GIScholarBench: Benchmarking LLM Overconfidence in GIS Research

Large language models (LLMs) are increasingly used in academic research workflows, but scholarly tasks require high factual precision and therefore expose a key weakness: overconfidence. Here, overconfidence is defined behaviorally as the tendency to produce confident, assertive, and well-formatted outputs even when the underlying knowledge is incomplete or unverifiable, rather than as a calibration gap between stated confidence and accuracy. To examine this issue, we introduce GIScholarBench, a benchmark built from 10,865 papers published in 25 core GIScience journals between 2020 and 2025. The benchmark covers three tasks with increasing cognitive complexity: metadata retrieval, literature linking, and research direction generation. We evaluate Claude Sonnet 4.5, Gemini 3, and ChatGPT 5.3 through their native web interfaces under real-world user-facing conditions. Results show consistent overconfidence across all tasks. In metadata retrieval, ChatGPT 5.3 achieves the highest accuracy, but all models still generate definitive titles and DOIs when predictions are wrong. In literature linking, Claude Sonnet 4.5 recovers the most references, but all models show a clear gap between top-ranked retrieval and longer citation lists, suggesting that references are extended beyond reliable retrieval capacity. In research direction generation, AI-generated directions show lower topic coverage, higher novel miss rates, and lower semantic diversity than real future-citing papers. These findings suggest that LLM overconfidence is task-invariant but takes different forms: factual overgeneration in retrieval, unreliable citation expansion in literature linking, and overconfidence in output completeness during research ideation.

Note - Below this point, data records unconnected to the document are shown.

(* Let $\Gamma$ be a tetravalent (simple) graph admitting a subgroup $G \leq \mathrm{Aut}(\Gamma)$ acting regularly on the set of arcs of $\Gamma$. Then $\Gamma$ has exactly three $G$-orbits of $G$-consistent cycles, all of which are $G$-symmetric, if and only if the vertex stabilizers in $G$ are isomorphic to the Klein $4$-group $\mathbb{Z}_2\times\mathbb{Z}_2$.
   Context: An arc of a graph is an ordered pair of adjacent vertices. For an arc-transitive group $G$ of automorphisms of $\Gamma$, a directed cycle $\vec C=(v_0,v_1,\ldots,v_{r-1})$ (a connected $2$-valent subgraph with one of its two orientations) is $G$-consistent if some $g\in G$ maps each $v_i$ to $v_{i+1}$ (indices mod $r$); such $g$ is a shunt. An undirected cycle is $G$-consistent if its two orientations are $G$-consistent. A $G$-consistent cycle is $G$-symmetric if some element of $G$ maps $\vec C$ to its reverse $(v_0,v_{r-1},\ldots,v_1)$, and $G$-chiral otherwise. $G$ acts naturally on the set of $G$-consistent cycles. *)

theory Defs
  imports "HOL-Algebra.Elementary_Groups"
begin

definition simple_graph :: "'a set \<Rightarrow> ('a \<Rightarrow> 'a \<Rightarrow> bool) \<Rightarrow> bool" where
  "simple_graph V E \<longleftrightarrow> finite V \<and>
     (\<forall>u v. E u v \<longrightarrow> u \<in> V \<and> v \<in> V) \<and>
     (\<forall>u v. E u v \<longrightarrow> E v u) \<and> (\<forall>u. \<not> E u u)"

definition tetravalent :: "'a set \<Rightarrow> ('a \<Rightarrow> 'a \<Rightarrow> bool) \<Rightarrow> bool" where
  "tetravalent V E \<longleftrightarrow> (\<forall>v\<in>V. card {u. E v u} = 4)"

definition is_aut :: "'a set \<Rightarrow> ('a \<Rightarrow> 'a \<Rightarrow> bool) \<Rightarrow> ('a \<Rightarrow> 'a) \<Rightarrow> bool" where
  "is_aut V E g \<longleftrightarrow> bij_betw g V V \<and> (\<forall>x. x \<notin> V \<longrightarrow> g x = x) \<and>
     (\<forall>u\<in>V. \<forall>v\<in>V. E u v \<longleftrightarrow> E (g u) (g v))"

definition perm_inv :: "'a set \<Rightarrow> ('a \<Rightarrow> 'a) \<Rightarrow> ('a \<Rightarrow> 'a)" where
  "perm_inv V g = (\<lambda>x. if x \<in> V then inv_into V g x else x)"

definition aut_subgroup :: "'a set \<Rightarrow> ('a \<Rightarrow> 'a \<Rightarrow> bool) \<Rightarrow> ('a \<Rightarrow> 'a) set \<Rightarrow> bool" where
  "aut_subgroup V E G \<longleftrightarrow> (\<forall>g\<in>G. is_aut V E g) \<and> id \<in> G \<and>
     (\<forall>g\<in>G. \<forall>h\<in>G. g \<circ> h \<in> G) \<and> (\<forall>g\<in>G. perm_inv V g \<in> G)"

definition arc_regular :: "'a set \<Rightarrow> ('a \<Rightarrow> 'a \<Rightarrow> bool) \<Rightarrow> ('a \<Rightarrow> 'a) set \<Rightarrow> bool" where
  "arc_regular V E G \<longleftrightarrow>
     (\<forall>u v x y. E u v \<longrightarrow> E x y \<longrightarrow> (\<exists>!g. g \<in> G \<and> g u = x \<and> g v = y))"

text \<open>A directed cycle (v_0,...,v_{r-1}) given as a list; it is represented
  (independently of the starting vertex) by its set of arcs.\<close>

definition is_dcycle_list :: "'a set \<Rightarrow> ('a \<Rightarrow> 'a \<Rightarrow> bool) \<Rightarrow> 'a list \<Rightarrow> bool" where
  "is_dcycle_list V E xs \<longleftrightarrow> length xs \<ge> 3 \<and> distinct xs \<and> set xs \<subseteq> V \<and>
     (\<forall>i<length xs. E (xs ! i) (xs ! ((i + 1) mod length xs)))"

definition cycle_arcs :: "'a list \<Rightarrow> ('a \<times> 'a) set" where
  "cycle_arcs xs = {(xs ! i, xs ! ((i + 1) mod length xs)) | i. i < length xs}"

definition is_shunt :: "('a \<Rightarrow> 'a) \<Rightarrow> 'a list \<Rightarrow> bool" where
  "is_shunt g xs \<longleftrightarrow> (\<forall>i<length xs. g (xs ! i) = xs ! ((i + 1) mod length xs))"

definition consistent_dcycle ::
  "'a set \<Rightarrow> ('a \<Rightarrow> 'a \<Rightarrow> bool) \<Rightarrow> ('a \<Rightarrow> 'a) set \<Rightarrow> ('a \<times> 'a) set \<Rightarrow> bool" where
  "consistent_dcycle V E G D \<longleftrightarrow>
     (\<exists>xs. is_dcycle_list V E xs \<and> D = cycle_arcs xs \<and> (\<exists>g\<in>G. is_shunt g xs))"

definition undirect :: "('a \<times> 'a) set \<Rightarrow> 'a set set" where
  "undirect D = (\<lambda>(u, v). {u, v}) ` D"

definition consistent_ucycle ::
  "'a set \<Rightarrow> ('a \<Rightarrow> 'a \<Rightarrow> bool) \<Rightarrow> ('a \<Rightarrow> 'a) set \<Rightarrow> 'a set set \<Rightarrow> bool" where
  "consistent_ucycle V E G C \<longleftrightarrow>
     (\<exists>D. C = undirect D \<and> consistent_dcycle V E G D \<and> consistent_dcycle V E G (converse D))"

definition symmetric_ucycle ::
  "'a set \<Rightarrow> ('a \<Rightarrow> 'a \<Rightarrow> bool) \<Rightarrow> ('a \<Rightarrow> 'a) set \<Rightarrow> 'a set set \<Rightarrow> bool" where
  "symmetric_ucycle V E G C \<longleftrightarrow>
     (\<exists>D. C = undirect D \<and> consistent_dcycle V E G D \<and>
        (\<exists>g\<in>G. map_prod g g ` D = converse D))"

definition ucycle_image :: "('a \<Rightarrow> 'a) \<Rightarrow> 'a set set \<Rightarrow> 'a set set" where
  "ucycle_image g C = (\<lambda>e. g ` e) ` C"

definition ucycle_orbit :: "('a \<Rightarrow> 'a) set \<Rightarrow> 'a set set \<Rightarrow> 'a set set set" where
  "ucycle_orbit G C = {ucycle_image g C | g. g \<in> G}"

definition consistent_orbits ::
  "'a set \<Rightarrow> ('a \<Rightarrow> 'a \<Rightarrow> bool) \<Rightarrow> ('a \<Rightarrow> 'a) set \<Rightarrow> 'a set set set set" where
  "consistent_orbits V E G = {ucycle_orbit G C | C. consistent_ucycle V E G C}"

definition stabilizer_group :: "('a \<Rightarrow> 'a) set \<Rightarrow> 'a \<Rightarrow> ('a \<Rightarrow> 'a) monoid" where
  "stabilizer_group G v = \<lparr>carrier = {g \<in> G. g v = v}, monoid.mult = (\<circ>), one = id\<rparr>"

end

(* Fix an arc (u, v) and the element a of G swapping u and v. By arc-regularity every G-consistent
   directed cycle is conjugate to the cycle traced by a shunt s with s u = v, and these shunts
   correspond bijectively to the neighbours s v of v other than u. The cycle of s is reversed by an
   element of G iff (s a)^2 = 1, and s a runs through the stabiliser G_v, a group of order 4. So all
   consistent cycles are symmetric iff G_v has exponent 2, i.e. is a Klein four-group, and then the
   orbits of consistent cycles correspond to the three neighbours of v other than u. *)

theory Submission
  imports Defs "HOL-Combinatorics.Orbits"
begin

lemma carrier_Z2_Z2:
  "carrier (integer_mod_group 2 \<times>\<times> integer_mod_group 2) = {(0, 0), (0, 1), (1, 0), (1, 1)}"
  by (auto simp: carrier_integer_mod_group)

翻译：大语言模型（LLMs）越来越多地被用于学术研究工作流，但学术任务要求高度的事实精确性，因此暴露了一个关键弱点：过度自信。在此，我们将过度自信行为定义为：即使底层知识不完整或无法验证，模型仍倾向于生成自信、肯定且格式规范的输出，而非陈述置信度与准确性之间的校准差距。为探究该问题，我们构建了GIScholarBench基准数据集，该数据集基于2020年至2025年间发表在25本核心GIScience期刊上的10,865篇论文。该基准涵盖三项认知复杂度递增的任务：元数据检索、文献关联和研究方向生成。我们通过Claude Sonnet 4.5、Gemini 3和ChatGPT 5.3的原生网络界面，在真实用户场景下对其进行了评估。结果显示，所有任务均存在持续的过度自信现象。在元数据检索中，ChatGPT 5.3的准确率最高，但所有模型在预测错误时仍会生成看似确定的标题和DOI。在文献关联中，Claude Sonnet 4.5恢复了最多参考文献，但所有模型在排名靠前的检索结果与更长的引文列表之间存在明显差距，表明参考文献的扩展已超出可靠的检索能力。在研究方向生成中，与真实的未来引用论文相比，AI生成的研究方向在主题覆盖率上更低，在新颖性遗漏率上更高，且在语义多样性上更低。这些发现表明，LLMs的过度自信具有任务不变性，但表现形式各异：检索中的事实性过度生成、文献关联中不可靠的引文扩展，以及研究构思阶段对输出完整性的过度自信。